With the intention to establish the perfect GPU with respect to cost, I collected the ebay costs utilizing the ebay API and computed the relative efficiency per greenback (USD) for brand spanking new playing cards:
I did the identical for used playing cards however because the rankings don’t change an excessive amount of I omit the plot.
To pick the perfect GPU in your funds, you’ll be able to choose one of many prime GPUs for the biggest reminiscence you’ll be able to afford. My advice could be:
If you wish to dive into extra technical elements I counsel to learn Tim Dettmers’ wonderful information on Which GPU(s) to Get for Deep Studying.
Slot width
When constructing a multi-GPU system, we have to plan how one can bodily match the GPUs right into a PC case. Since GPUs develop bigger and bigger, particularly the gaming collection, this turns into extra of a problem. Shopper motherboards have as much as 7 PCIe slots and PC instances are constructed round this setup. A 4090 can simply take up 4 slots relying on producer, so you’ll be able to see why this turns into a problem. Moreover we must always depart a minimum of 1 slot between GPUs that aren’t blower model or watercooled to keep away from overheating. We’ve the next choices:
Watercooling
Watercooled variants will take as much as 2 slots however they’re dearer.
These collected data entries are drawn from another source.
text \<open>
  Expanding the square, the integral is the sum over pairs \<open>(f, g)\<close> of the measure of
  \<open>f^\<delta> \<inter> g^\<delta>\<close>, which by Fubini is at most \<open>2 \<delta>\<close> times the measure of the set where
  \<open>\<bar>f - g\<bar> \<le> 2 \<delta>\<close>. Divided by its \<open>C\<^sup>2\<close> norm, \<open>h = f - g\<close> satisfies, by the cinematic
  condition, a lower bound \<open>\<kappa> \<le> \<bar>h\<bar> + \<bar>\<nabla>h\<bar> + \<bar>\<nabla>\<^sub>\<xi>\<nabla>\<^sub>\<xi>h\<bar>\<close> everywhere. For such functions
  the sublevel set \<open>{\<bar>h\<bar> \<le> s}\<close> has measure \<open>O(s log(1/s))\<close>: on small cubes either some
  partial derivative of \<open>h\<close> is large, and the sublevel set is a thin slab, or \<open>h\<close> is flat with
  a definite Hessian, and the sublevel set is covered by dyadic annuli around the minimiser of
  \<open>\<pm>h\<close> on which \<open>\<bar>\<nabla>h\<bar>\<close> is comparable to the distance to the minimiser. Hence a pair at
  distance \<open>r\<close> contributes \<open>O(\<delta>\<^sup>2 log(1/\<delta>) / r)\<close>. Summing over \<open>g\<close> in dyadic shells of
  \<open>r\<close>, whose sizes are controlled by the \<open>(\<delta>, t)\<close>-set and doubling conditions, gives
  \<open>O(\<delta>^(1+t-\<epsilon>) |F| log\<^sup>2(1/\<delta>))\<close> for each \<open>f\<close>, and for small \<open>\<delta>\<close> the logarithm is absorbed
  into another factor \<open>\<delta>^(-\<epsilon>)\<close>.
\<close>

lemma convex_segment_point:
  assumes "convex C" "x \<in> C" "y \<in> C" "\<tau> \<in> {0..1::real}"
  shows "x + \<tau> *\<^sub>R (y - x) \<in> C"
proof -
  have "x + \<tau> *\<^sub>R (y - x) = (1 - \<tau>) *\<^sub>R x + \<tau> *\<^sub>R y" by (simp add: algebra_simps)
  then show ?thesis using convexD_alt[OF assms(1-3)] assms(4) by simp
qed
You’ll be able to alternatively convert an air-cooled GPU however it will void the guarantee. For those who don’t get All-in-One (AIO) options you have to to construct a customized watercooling loop. That is additionally true if you wish to match a number of watercooled GPUs because the AIO radiators could not match within the case. Constructing your individual loop is dangerous and I wouldn’t personally do it with costly playing cards. I might solely purchase AIO options straight from the manufactures (danger averse 🙈).
Aircooled 2–3 slot playing cards and PCIe risers
On this state of affairs you interleave playing cards on PCIe slots and playing cards related with PCIe riser cables. The PCIe riser playing cards will be positioned someplace contained in the PC case or within the open air. In both case you need to ensure the GPUs are secured (see additionally the part about PC instances).
Energy (TDP)
Fashionable GPUs get increasingly energy hungry. As an illustration, A 4090 requires 450 W whereas a H100 can rise up to 700 W. Other than the ability invoice, becoming three or extra GPUs turns into a problem. That is very true within the US that the ability sockets can ship as much as round 1800w.
An answer to this drawback in case you are getting near the max energy you’ll be able to draw out of your PSU / energy socket is power-limiting. All it’s good to cut back the max energy a GPU can draw is:
sudo nvidia-smi -i <GPU_index> -pl <power_limit>the place:
GPU_index: the index (quantity) of the cardboard because it proven with nvidia-smi
power_limit: the ability in W you need to use
Energy-limiting by 10-20% has been proven to scale back efficiency by lower than 5% and retains the playing cards cooler (experiment by Puget Programs). Energy-limiting 4 3090s as an example by 20% will cut back their consumption to 1120w and might simply slot in a 1600w PSU / 1800w socket (assuming 400w for the remainder of the elements).